INFORMATION GIVEN: Begin

(* Let $n\ge 1$, $\alpha\ge 0$, and define $f_\alpha:\mathbb{R}^n\to\mathbb{R}$ by \[ f_\alpha(x)=\begin{cases}\|x\|^{1+\alpha}+\frac{\alpha-1}{2}, & \|x\|\le 1,\\ \frac{1+\alpha}{2}\|x\|^2, & \|x\|>1.\end{cases} \] Let $p\ge 1$. If $p<n$, then $f_\alpha\in W^{2,p}_{\mathrm{loc}}(\mathbb{R}^n)$ for every $\alpha\ge 0$; if $p\ge n$, then $f_\alpha\in W^{2,p}_{\mathrm{loc}}(\mathbb{R}^n)$ for every $\alpha>\frac{p-n}{p}$. Moreover, in these cases the distributional Hessian of $f_\alpha$ coincides with its pointwise Hessian, which is given (for $\|x\|\notin\{0,1\}$) by \[ Hf_\alpha(x)=\begin{cases}(1+\alpha)\left(\|x\|^{\alpha-1}\mathrm{Id}_n+(\alpha-1)\|x\|^{\alpha-3}x\otimes x\right), & 0<\|x\|<1,\\ (1+\alpha)\mathrm{Id}_n, & \|x\|>1.\end{cases} \]
   Context: $\|\cdot\|$ is the Euclidean norm on $\mathbb{R}^n$, and $x\otimes x$ is the matrix with entries $x_ix_j$. *)

theory Defs
  imports "HOL-Analysis.Analysis"
begin

definition cpartial :: "'n::finite \<Rightarrow> (real^'n \<Rightarrow> real) \<Rightarrow> real^'n \<Rightarrow> real" where
  "cpartial i g x = frechet_derivative g (at x) (axis i 1)"

inductive_set iter_partials :: "(real^'n::finite \<Rightarrow> real) \<Rightarrow> (real^'n \<Rightarrow> real) set"
  for \<phi> where
  base: "\<phi> \<in> iter_partials \<phi>"
| step: "g \<in> iter_partials \<phi> \<Longrightarrow> cpartial i g \<in> iter_partials \<phi>"

definition test_fn :: "(real^'n::finite \<Rightarrow> real) \<Rightarrow> bool" where
  "test_fn \<phi> \<longleftrightarrow> (\<forall>g\<in>iter_partials \<phi>. \<forall>x. g differentiable (at x))
      \<and> (\<exists>K. compact K \<and> (\<forall>x. x \<notin> K \<longrightarrow> \<phi> x = 0))"

definition locally_Lp :: "real \<Rightarrow> (real^'n::finite \<Rightarrow> real) \<Rightarrow> bool" where
  "locally_Lp p f \<longleftrightarrow> f \<in> borel_measurable lborel \<and>
      (\<forall>K. compact K \<longrightarrow> set_integrable lborel K (\<lambda>x. \<bar>f x\<bar> powr p))"

definition weak_partial :: "'n::finite \<Rightarrow> (real^'n \<Rightarrow> real) \<Rightarrow> (real^'n \<Rightarrow> real) \<Rightarrow> bool" where
  "weak_partial i f g \<longleftrightarrow> (\<forall>\<phi>. test_fn \<phi> \<longrightarrow>
      (\<integral>x. f x * cpartial i \<phi> x \<partial>lborel) = - (\<integral>x. g x * \<phi> x \<partial>lborel))"

definition weak_second :: "'n::finite \<Rightarrow> 'n \<Rightarrow> (real^'n \<Rightarrow> real) \<Rightarrow> (real^'n \<Rightarrow> real) \<Rightarrow> bool" where
  "weak_second i j f h \<longleftrightarrow> (\<forall>\<phi>. test_fn \<phi> \<longrightarrow>
      (\<integral>x. f x * cpartial i (cpartial j \<phi>) x \<partial>lborel) = (\<integral>x. h x * \<phi> x \<partial>lborel))"

definition W2p_loc :: "real \<Rightarrow> (real^'n::finite \<Rightarrow> real) \<Rightarrow> bool" where
  "W2p_loc p f \<longleftrightarrow> locally_Lp p f \<and>
     (\<exists>g :: 'n \<Rightarrow> real^'n \<Rightarrow> real. \<exists>H :: 'n \<Rightarrow> 'n \<Rightarrow> real^'n \<Rightarrow> real.
        (\<forall>i. locally_Lp p (g i) \<and> weak_partial i f (g i)) \<and>
        (\<forall>i j. locally_Lp p (H i j) \<and> weak_partial j (g i) (H i j)))"

definition f_alpha :: "real \<Rightarrow> real^'n::finite \<Rightarrow> real" where
  "f_alpha \<alpha> x = (if norm x \<le> 1 then norm x powr (1 + \<alpha>) + (\<alpha> - 1) / 2
                   else (1 + \<alpha>) / 2 * (norm x)\<^sup>2)"

definition hess_alpha :: "real \<Rightarrow> 'n::finite \<Rightarrow> 'n \<Rightarrow> real^'n \<Rightarrow> real" where
  "hess_alpha \<alpha> i j x = (if norm x < 1
      then (1 + \<alpha>) * (norm x powr (\<alpha> - 1) * (if i = j then 1 else 0)
                        + (\<alpha> - 1) * norm x powr (\<alpha> - 3) * (x $ i * x $ j))
      else (1 + \<alpha>) * (if i = j then 1 else 0))"

end

(*
  Away from the origin and the unit sphere f_alpha is smooth, with gradient
  (1 + alpha) min(|x|, 1)^(alpha - 1) x and the stated Hessian; the two formulas for the
  gradient agree on the sphere, so f_alpha is C^1 off the origin. Such piecewise classical
  derivatives are weak derivatives as soon as the function is continuous on almost every
  coordinate line: on each line the exceptional set is finite, so the fundamental theorem of
  calculus still integrates the product rule, and Fubini averages over the lines. The
  gradient is continuous except at the origin when alpha = 0, and for n >= 2 almost every
  line misses the origin (for n = 1 the hypothesis forces alpha > 0).

  The Hessian is O(|x|^(alpha - 1)) near 0, and |x|^b is locally integrable for b > -n,
  as summing over the dyadic balls of radius 2^-k shows; so the Hessian lies in L^p_loc
  when (1 - alpha) p < n, which is what the hypothesis amounts to. Uniqueness of the weak
  Hessian is the fundamental lemma of the calculus of variations, proved with products over
  the coordinates of the bumps exp(-1/(m (t - l))) exp(-1/(m (u - t))), which converge
  boundedly to the indicator of the box (l, u) as m grows.
*)
theory Submission
  imports Defs
begin

section \<open>Smooth functions of one variable\<close>

coinductive smooth_real :: "(real \<Rightarrow> real) \<Rightarrow> bool" where
  "\<forall>x. (f has_real_derivative f' x) (at x) \<Longrightarrow> smooth_real f' \<Longrightarrow> smooth_real f"

lemma smooth_real_has_real_derivative:
  assumes "smooth_real f"
  shows "(f has_real_derivative deriv f x) (at x)"
  using assms by cases (metis DERIV_imp_deriv)

lemma smooth_real_deriv:
  assumes "smooth_real f"
  shows "smooth_real (deriv f)"
  using assms by cases (metis DERIV_imp_deriv ext)

lemma smooth_real_affine:
  assumes "smooth_real f"
  shows "smooth_real (\<lambda>t. f (c * t + b))"
proof -
  have "smooth_real (\<lambda>t. k * g (c * t + b))" if "smooth_real g" for k g
    using that
  proof (coinduction arbitrary: k g)
    case (smooth_real k g)
    have lin: "((\<lambda>t. c * t + b) has_real_derivative c) (at x)" for x
      by (auto intro!: derivative_eq_intros)
    have "((\<lambda>t. k * g (c * t + b)) has_real_derivative (k * c) * deriv g (c * x + b)) (at x)" for x
      using DERIV_cmult[OF DERIV_chain2[OF smooth_real_has_real_derivative[OF smooth_real] lin[of x]], where c=k]
      by (simp add: mult_ac)
    then show ?case
      using smooth_real_deriv[OF smooth_real]
      by (intro exI[of _ "\<lambda>t. k * g (c * t + b)"] exI[of _ "\<lambda>t. (k * c) * deriv g (c * t + b)"])
        blast
  qed
  from this[of f 1] assms show ?thesis by simp
qed

text \<open>The derivative of a product is a sum of products, so closure under products is
  shown for finite sums of products of smooth functions.\<close>

lemma smooth_real_mult:
  assumes "smooth_real f" "smooth_real g"
  shows "smooth_real (\<lambda>t. f t * g t)"
proof -
  define F where "F L = (\<lambda>x. \<Sum>(a, b)\<leftarrow>L. a x * b x)" for L :: "((real \<Rightarrow> real) \<times> (real \<Rightarrow> real)) list"
  define D where "D L = concat (map (\<lambda>(a, b). [(deriv a, b), (a, deriv b)]) L)"
    for L :: "((real \<Rightarrow> real) \<times> (real \<Rightarrow> real)) list"
  let ?smooth2 = "\<lambda>L. \<forall>(a, b)\<in>set L. smooth_real a \<and> smooth_real b"
  have D_smooth: "?smooth2 L \<Longrightarrow> ?smooth2 (D L)" for L
    unfolding D_def by (induction L) (auto intro: smooth_real_deriv)
  have F_deriv: "?smooth2 L \<Longrightarrow> (F L has_real_derivative F (D L) x) (at x)" for L x
  proof (induction L)
    case Nil
    then show ?case by (simp add: F_def D_def)
  next
    case (Cons p L)
    obtain a b where p: "p = (a, b)" by (cases p)
    have "((\<lambda>x. a x * b x + F L x) has_real_derivative deriv a x * b x + a x * deriv b x + F (D L) x) (at x)"
      using DERIV_add[OF DERIV_mult[OF smooth_real_has_real_derivative smooth_real_has_real_derivative] Cons.IH]
        Cons.prems p by (simp add: algebra_simps)
    then show ?case by (simp add: F_def D_def p add.assoc)
  qed
  have "smooth_real (F L)" if "?smooth2 L" for L
    using that
  proof (coinduction arbitrary: L)
    case (smooth_real L)
    then show ?case using F_deriv D_smooth by blast
  qed
  from this[of "[(f, g)]"] assms show ?thesis by (simp add: F_def)
qed

definition exp_neg_inverse :: "real \<Rightarrow> real" where
  "exp_neg_inverse s = (if 0 < s then exp (- inverse s) else 0)"

lemma exp_neg_inverse_nonneg: "0 \<le> exp_neg_inverse s"
  and exp_neg_inverse_le_1: "exp_neg_inverse s \<le> 1"
  by (auto simp: exp_neg_inverse_def)

definition poly_exp_neg_inverse :: "real poly \<Rightarrow> real \<Rightarrow> real" where
  "poly_exp_neg_inverse P s = (if 0 < s then poly P (inverse s) * exp (- inverse s) else 0)"

lemma poly_div_exp_tendsto_0: "((\<lambda>t::real. poly P t / exp t) \<longlongrightarrow> 0) at_top"
proof -
  have "((\<lambda>t. \<Sum>i\<le>degree P. coeff P i * (t ^ i / exp t)) \<longlongrightarrow> (\<Sum>i\<le>degree P. coeff P i * 0)) at_top"
    by (intro tendsto_sum tendsto_mult tendsto_const tendsto_power_div_exp_0)
  then show ?thesis by (simp add: poly_altdef sum_divide_distrib)
qed

lemma poly_exp_neg_inverse_tendsto_0: "(poly_exp_neg_inverse P \<longlongrightarrow> 0) (at_right 0)"
proof -
  have "(((\<lambda>t::real. poly P t / exp t) \<circ> inverse) \<longlongrightarrow> 0) (at_right (0::real))"
    using filterlim_compose[OF poly_div_exp_tendsto_0 filterlim_inverse_at_top_right] by (simp add: o_def)
  then show ?thesis
    by (rule Lim_transform_eventually)
      (auto simp: eventually_at_right_field poly_exp_neg_inverse_def exp_minus field_simps intro!: exI[of _ 1])
qed

text \<open>The difference quotient at 0 is again of the form \<open>poly_exp_neg_inverse\<close> on the right.\<close>

lemma poly_exp_neg_inverse_has_real_derivative_0:
  "(poly_exp_neg_inverse P has_real_derivative 0) (at 0)"
proof -
  have "((\<lambda>h. poly_exp_neg_inverse P h / h) \<longlongrightarrow> 0) (at 0)"
    unfolding filterlim_at_split
  proof
    show "((\<lambda>h. poly_exp_neg_inverse P h / h) \<longlongrightarrow> 0) (at_left 0)"
      by (rule tendsto_eventually)
        (auto simp: eventually_at_left_field poly_exp_neg_inverse_def intro!: exI[of _ "-1"])
    show "((\<lambda>h. poly_exp_neg_inverse P h / h) \<longlongrightarrow> 0) (at_right 0)"
      using poly_exp_neg_inverse_tendsto_0[of "[:0, 1:] * P"]
      by (rule Lim_transform_eventually)
        (auto simp: eventually_at_right_field poly_exp_neg_inverse_def poly_mult divide_inverse
          intro!: exI[of _ 1])
  qed
  then show ?thesis
    by (simp add: DERIV_def poly_exp_neg_inverse_def)
qed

INFORMATION GIVEN: End

Please give the number of lines in the data above that hold "auto", and write nothing else.

PROBLEM SOLUTION | 6